Kasus penyerangan dengan air keras terhadap penyidik KPK, Novel Baswedan sudah berjalan memasuki bulan ketiga. Akan tetapi kasus tersebut masih tetap menyimpan misteri mengenai motif penyerangan, pelaku dan dalang dibalik kasus penyerangan itu sendiri. Setelah berjalan dengan senyap selama dua bulan, kasus ini kemudian seketika meledak seperti bom panci ketika Novel mengatakan bahwa ada seorang jenderal yang terlibat dalam kasus penyerangan terhadap dirinya tersebut, dalam sesi wawancara dengan sebuah media asing di Singapura,
Sontak pernyataan Novel tersebut membuat instansi kepolisian dan KPK tempat Novel bekerja "kebakaran jenggot!" KPK dan Polri lalu bereaksi dengan cepat dan melakukan rapat kerja sama yang langsung dipimpin oleh pemimpin tertinggi kedua instansi penegak hukum tersebut. Walau bagaimanapun, pernyataan Novel tersebut telah menimbulkan kegaduhan baru terkait spekulasi kehadiran jenderal tersebut dalam kasus ini. Untungnya sang jenderal tersebut, tidak langsung membuat Hak angket KPK, dimana tujuannya bukan untuk memperlemah, tetapi adalah untuk memperkuat posisi Novel sebagai penyidik KPK...........

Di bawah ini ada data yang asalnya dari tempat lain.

definition star :: "nat \<Rightarrow> nat graph" where
  "star n = ({0..n}, {{0,i} | i. 1 \<le> i \<and> i \<le> n})"

definition induced_copy :: "'a graph \<Rightarrow> 'a set \<Rightarrow> 'b graph \<Rightarrow> bool" where
  "induced_copy F S H \<longleftrightarrow> S \<subseteq> verts F \<and>
     (\<exists>f. bij_betw f S (verts H) \<and>
          (\<forall>u\<in>S. \<forall>v\<in>S. {u, v} \<in> edges F \<longleftrightarrow> {f u, f v} \<in> edges H))"

text \<open>A red/blue edge colouring is a map from edges to bool (True = red, False = blue).
  An induced copy of H in colour col: all edges of F[S] have colour col.\<close>
definition mono_induced_copy :: "'a graph \<Rightarrow> ('a set \<Rightarrow> bool) \<Rightarrow> bool \<Rightarrow> 'b graph \<Rightarrow> bool" where
  "mono_induced_copy F c col H \<longleftrightarrow>
     (\<exists>S. induced_copy F S H \<and> (\<forall>e\<in>edges F. e \<subseteq> S \<longrightarrow> c e = col))"

definition ind_arrows :: "'a graph \<Rightarrow> 'b graph \<Rightarrow> 'c graph \<Rightarrow> bool" where
  "ind_arrows F H G \<longleftrightarrow>
     (\<forall>c :: 'a set \<Rightarrow> bool. mono_induced_copy F c True H \<or> mono_induced_copy F c False G)"

text \<open>Host graphs are taken on vertex type nat, which is
  no restriction since every finite graph is isomorphic to one on nat.\<close>
definition IR :: "'b graph \<Rightarrow> 'c graph \<Rightarrow> nat" where
  "IR H G = (LEAST N. \<exists>F :: nat graph. simple_graph F \<and> card (verts F) = N \<and> ind_arrows F H G)"

end

(*
  The host graph is bipartite: on one side the grid points (i, j) of [l] \<times> [q],
  on the other side c copies of every map f : [l] \<rightarrow> [q], a point being adjacent to a map iff
  it lies off the graph of the map.  Neighbourhoods of points are independent sets of size
  c (q - 1) q^(l - 1), so without a blue induced K_{1,n} every point has at least c q^(l - 1) red
  maps once n - 1 \<le> c (q - 2) q^(l - 1).

  2K_2: if a' lies on a red map of a and a on a red map of a', the two red edges form an induced
  2K_2.  So "lies on a red map of" is an oriented graph on the lq points, some point a has fewer
  than lq/2 out-neighbours, every red map of a takes its values among them, and AM-GM bounds the
  number of red maps of a by c (q/2)^l < c q^(l - 1) as soon as q < 2^l.

  P_4: double counting gives a map b with at least l red points.  For a red point a of b, every
  red map of a must avoid all red points of b (otherwise an induced red P_4 appears), so a has at
  most c \<Prod>(q - t_i) \<le> c q^l e^(-l/q) red maps, where t_i counts the red points of b in column i;
  this is below c q^(l - 1) once l \<ge> q^2.

  With q \<approx> 2 (ln n)^(1/4), l = q^2 and c = \<lceil>(n - 1) / ((q - 2) q^(l - 1))\<rceil> the host graph has
  lq + c q^l \<le> n q / (q - 2) + q^3 + q^(q^2) \<le> n + 2 n (ln n)^(-1/4) vertices for large n.
*)
theory Submission
  imports Defs "HOL-Library.FuncSet" "HOL-Real_Asymp.Real_Asymp"
begin

section \<open>Relabelling graphs\<close>

definition map_graph :: "('a \<Rightarrow> 'b) \<Rightarrow> 'a graph \<Rightarrow> 'b graph" where
  "map_graph \<phi> F = (\<phi> ` verts F, image \<phi> ` edges F)"

lemma simple_graph_edgeE:
  assumes "simple_graph F" "e \<in> edges F"
  obtains u v where "e = {u, v}" "u \<noteq> v" "u \<in> verts F" "v \<in> verts F"
  using assms unfolding simple_graph_def by force

lemma simple_graph_edge_subset:
  assumes "simple_graph F" "e \<in> edges F"
  shows "e \<subseteq> verts F"
  using assms by (elim simple_graph_edgeE) auto

lemma simple_graph_no_loop:
  assumes "simple_graph F"
  shows "{x} \<notin> edges F"
  using assms by (auto elim: simple_graph_edgeE simp: doubleton_eq_iff)

lemma map_graph_edge_iff:
  assumes inj: "inj_on \<phi> (verts F)" and F: "simple_graph F" and e: "e \<subseteq> verts F"
  shows "\<phi> ` e \<in> edges (map_graph \<phi> F) \<longleftrightarrow> e \<in> edges F"
  unfolding map_graph_def edges_def snd_conv
  by (rule inj_on_image_mem_iff[OF inj_on_image_Pow[OF inj]])
    (use e simple_graph_edge_subset[OF F] in \<open>auto simp: edges_def\<close>)

lemma map_graph_edge_imageE:
  assumes inj: "inj_on \<phi> (verts F)" and F: "simple_graph F" and S: "S \<subseteq> verts F"
    and e': "e' \<in> edges (map_graph \<phi> F)" "e' \<subseteq> \<phi> ` S"
  obtains e where "e \<in> edges F" "e \<subseteq> S" "e' = \<phi> ` e"
proof -
  obtain e where e: "e \<in> edges F" "e' = \<phi> ` e"
    using e'(1) by (auto simp: map_graph_def edges_def)
  have "e \<subseteq> S"
  proof
    fix x assume "x \<in> e"
    then have "\<phi> x \<in> \<phi> ` S" "x \<in> verts F"
      using e e'(2) simple_graph_edge_subset[OF F e(1)] by auto
    then show "x \<in> S" using inj_on_image_mem_iff[OF inj _ S] by blast
  qed
  with e show ?thesis using that by blast
qed

lemma mono_induced_copy_map_graph:
  assumes inj: "inj_on \<phi> (verts F)" and F: "simple_graph F"
    and copy: "mono_induced_copy F (c \<circ> image \<phi>) col K"
  shows "mono_induced_copy (map_graph \<phi> F) c col K"
proof -
  obtain S f where S: "S \<subseteq> verts F" and f: "bij_betw f S (verts K)"
    and adj: "\<forall>u\<in>S. \<forall>v\<in>S. {u, v} \<in> edges F \<longleftrightarrow> {f u, f v} \<in> edges K"
    and colour: "\<forall>e\<in>edges F. e \<subseteq> S \<longrightarrow> c (\<phi> ` e) = col"
    using copy unfolding mono_induced_copy_def induced_copy_def by auto
  have injS: "inj_on \<phi> S" using inj S by (rule inj_on_subset)
  define f' where "f' = f \<circ> the_inv_into S \<phi>"
  have f'_\<phi>: "f' (\<phi> u) = f u" if "u \<in> S" for u
    using the_inv_into_f_f[OF injS that] by (simp add: f'_def)
  have "bij_betw f' (\<phi> ` S) (verts K)"
    unfolding f'_def by (rule bij_betw_trans[OF bij_betw_the_inv_into[OF inj_on_imp_bij_betw[OF injS]] f])
  moreover have "\<forall>u'\<in>\<phi> ` S. \<forall>v'\<in>\<phi> ` S. {u', v'} \<in> edges (map_graph \<phi> F) \<longleftrightarrow> {f' u', f' v'} \<in> edges K"
  proof (intro ballI)
    fix u' v' assume "u' \<in> \<phi> ` S" "v' \<in> \<phi> ` S"
    then obtain u v where uv: "u \<in> S" "v \<in> S" "u' = \<phi> u" "v' = \<phi> v" by blast
    have "{u', v'} = \<phi> ` {u, v}" using uv by simp
    then show "{u', v'} \<in> edges (map_graph \<phi> F) \<longleftrightarrow> {f' u', f' v'} \<in> edges K"
      using map_graph_edge_iff[OF inj F, of "{u, v}"] adj uv S f'_\<phi> by auto
  qed
  moreover have "\<forall>e'\<in>edges (map_graph \<phi> F). e' \<subseteq> \<phi> ` S \<longrightarrow> c e' = col"
    using colour by (auto elim: map_graph_edge_imageE[OF inj F S])
  moreover have "\<phi> ` S \<subseteq> verts (map_graph \<phi> F)" using S by (auto simp: map_graph_def verts_def)
  ultimately show ?thesis unfolding mono_induced_copy_def induced_copy_def by blast
qed

lemma ind_arrows_map_graph:
  assumes "inj_on \<phi> (verts F)" "simple_graph F" "ind_arrows F H G"
  shows "ind_arrows (map_graph \<phi> F) H G"
  unfolding ind_arrows_def
proof
  fix c :: "'b set \<Rightarrow> bool"
  have "mono_induced_copy F (c \<circ> image \<phi>) True H \<or> mono_induced_copy F (c \<circ> image \<phi>) False G"
    using assms(3) unfolding ind_arrows_def by blast
  then show "mono_induced_copy (map_graph \<phi> F) c True H \<or> mono_induced_copy (map_graph \<phi> F) c False G"
    using mono_induced_copy_map_graph[OF assms(1,2)] by (metis (no_types))
qed

lemma simple_graph_map_graph:
  assumes inj: "inj_on \<phi> (verts F)" and F: "simple_graph F"
  shows "simple_graph (map_graph \<phi> F)"
  using F inj_onD[OF inj] unfolding simple_graph_def map_graph_def verts_def edges_def
  by fastforce

lemma IR_le_card_verts:
  fixes F :: "'a graph"
  assumes F: "simple_graph F" and arrows: "ind_arrows F H G"
  shows "(\<exists>F' :: nat graph. simple_graph F' \<and> ind_arrows F' H G) \<and> IR H G \<le> card (verts F)"
proof -
  obtain \<phi> :: "'a \<Rightarrow> nat" where \<phi>: "bij_betw \<phi> (verts F) {0..<card (verts F)}"
    using ex_bij_betw_finite_nat F unfolding simple_graph_def by blast
  then have inj: "inj_on \<phi> (verts F)" by (rule bij_betw_imp_inj_on)
  let ?F' = "map_graph \<phi> F"
  have "simple_graph ?F'" "ind_arrows ?F' H G"
    using simple_graph_map_graph[OF inj F] ind_arrows_map_graph[OF inj F arrows] .
  moreover have "card (verts ?F') = card (verts F)"
    using card_image[OF inj] by (simp add: map_graph_def verts_def)
  ultimately show ?thesis unfolding IR_def by (metis (mono_tags, lifting) Least_le)
qed

section \<open>Monochromatic induced copies\<close>

lemma simple_graph_P4: "simple_graph P4"
  unfolding simple_graph_def P4_def verts_def edges_def by fastforce

lemma simple_graph_twoK2: "simple_graph twoK2"
  unfolding simple_graph_def twoK2_def verts_def edges_def by fastforce

lemma simple_graph_star: "simple_graph (star n)"
  unfolding simple_graph_def star_def verts_def edges_def by fastforce

lemma mono_induced_copy_embeddingI:
  fixes H :: "'b::linorder graph"
  assumes F: "simple_graph F" and H: "simple_graph H"
    and inj: "inj_on g (verts H)" and sub: "g ` verts H \<subseteq> verts F"
    and adj: "\<And>u v. u \<in> verts H \<Longrightarrow> v \<in> verts H \<Longrightarrow> u < v \<Longrightarrow>
      {g u, g v} \<in> edges F \<longleftrightarrow> {u, v} \<in> edges H"
    and colour: "\<And>u v. u \<in> verts H \<Longrightarrow> v \<in> verts H \<Longrightarrow> u < v \<Longrightarrow> {u, v} \<in> edges H \<Longrightarrow>
      c {g u, g v} = col"
  shows "mono_induced_copy F c col H"
proof -
  have adj_colour: "({g u, g v} \<in> edges F \<longleftrightarrow> {u, v} \<in> edges H) \<and>
      ({u, v} \<in> edges H \<longrightarrow> c {g u, g v} = col)" if "u \<in> verts H" "v \<in> verts H" for u v
  proof (cases u v rule: linorder_cases)
    case less
    then show ?thesis using adj colour that by blast
  next
    case equal
    then show ?thesis using simple_graph_no_loop[OF F] simple_graph_no_loop[OF H] by simp
  next
    case greater
    then have "({g v, g u} \<in> edges F \<longleftrightarrow> {v, u} \<in> edges H) \<and>
        ({v, u} \<in> edges H \<longrightarrow> c {g v, g u} = col)"
      using adj colour that by blast
    then show ?thesis by (simp add: insert_commute)
  qed
  let ?S = "g ` verts H" and ?f = "the_inv_into (verts H) g"
  have f_g: "?f (g u) = u" if "u \<in> verts H" for u using the_inv_into_f_f[OF inj that] .
  have "bij_betw ?f ?S (verts H)" by (rule bij_betw_the_inv_into[OF inj_on_imp_bij_betw[OF inj]])
  moreover have "\<forall>u'\<in>?S. \<forall>v'\<in>?S. {u', v'} \<in> edges F \<longleftrightarrow> {?f u', ?f v'} \<in> edges H"
    using adj_colour f_g by auto
  moreover have "\<forall>e\<in>edges F. e \<subseteq> ?S \<longrightarrow> c e = col"
  proof (intro ballI impI)
    fix e assume e: "e \<in> edges F" "e \<subseteq> ?S"
    obtain x y where "e = {x, y}" using F e(1) by (rule simple_graph_edgeE)
    moreover obtain u v where "x = g u" "y = g v" "u \<in> verts H" "v \<in> verts H"
      using e(2) calculation by auto
    ultimately show "c e = col" using adj_colour e(1) by auto
  qed
  ultimately show ?thesis using sub unfolding mono_induced_copy_def induced_copy_def by blast
qed

lemma P4_edge_iff: "{u, v} \<in> edges P4 \<longleftrightarrow> {u, v} = {0, 1} \<or> {u, v} = {1, 2} \<or> {u, v} = {2, 3}"
  by (simp add: P4_def edges_def)

lemma twoK2_edge_iff: "{u, v} \<in> edges twoK2 \<longleftrightarrow> {u, v} = {0, 1} \<or> {u, v} = {2, 3}"
  by (simp add: twoK2_def edges_def)

lemma mono_induced_copy_P4I:
  assumes F: "simple_graph F" and verts: "set [x0, x1, x2, x3] \<subseteq> verts F"
    and distinct: "distinct [x0, x1, x2, x3]"
    and edges: "{x0, x1} \<in> edges F" "{x1, x2} \<in> edges F" "{x2, x3} \<in> edges F"
    and non_edges: "{x0, x2} \<notin> edges F" "{x0, x3} \<notin> edges F" "{x1, x3} \<notin> edges F"
    and colour: "c {x0, x1} = col" "c {x1, x2} = col" "c {x2, x3} = col"
  shows "mono_induced_copy F c col P4"
proof (rule mono_induced_copy_embeddingI[OF F simple_graph_P4, where g = "nth [x0, x1, x2, x3]"])
  show "inj_on (nth [x0, x1, x2, x3]) (verts P4)"
    using distinct by (auto simp: P4_def verts_def inj_on_def)
  show "nth [x0, x1, x2, x3] ` verts P4 \<subseteq> verts F" using verts by (auto simp: P4_def verts_def)
  fix u v assume "u \<in> verts P4" "v \<in> verts P4" "u < v"
  then show "{[x0, x1, x2, x3] ! u, [x0, x1, x2, x3] ! v} \<in> edges F \<longleftrightarrow> {u, v} \<in> edges P4"
    and "{u, v} \<in> edges P4 \<Longrightarrow> c {[x0, x1, x2, x3] ! u, [x0, x1, x2, x3] ! v} = col"
    unfolding P4_edge_iff unfolding P4_def verts_def fst_conv
    by (elim insertE emptyE; simp add: numeral_eq_Suc doubleton_eq_iff edges non_edges colour)+
qed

Kita memang harus berhati-hati dalam menyikapi polemik kasus ini agar tidak terseret kepada hal-hal yang justru akan semakin menimbulkan kegaduhan baru. Kita juga harus menyikapi kasus ini dalam lingkup persoalan hukum yang komprehensif, termasuk juga dampak psikologis yang terjadi pada Novel akibat dari penyerangan tersebut, tanpa perlu mengkaitkannya dengan kepentingan-kepentingan politik praktis.
Saya ingin menyikapinya dari beberapa perspektif yang berbeda menurut kepentingannya.
Pertama, penyerangan terhadap Novel.
Pertanyaan pentingnya adalah, mengapa Novel diserang dengan air keras? Mengapa tidak ditembak secara dekat atau lewat sniper misalnya. Mengapa juga tidak ditikam dengan pisau atau disabet dengan golok? Tentu ada makna psikologis dibalik pemilihan media untuk melakukan penyerangan tersebut.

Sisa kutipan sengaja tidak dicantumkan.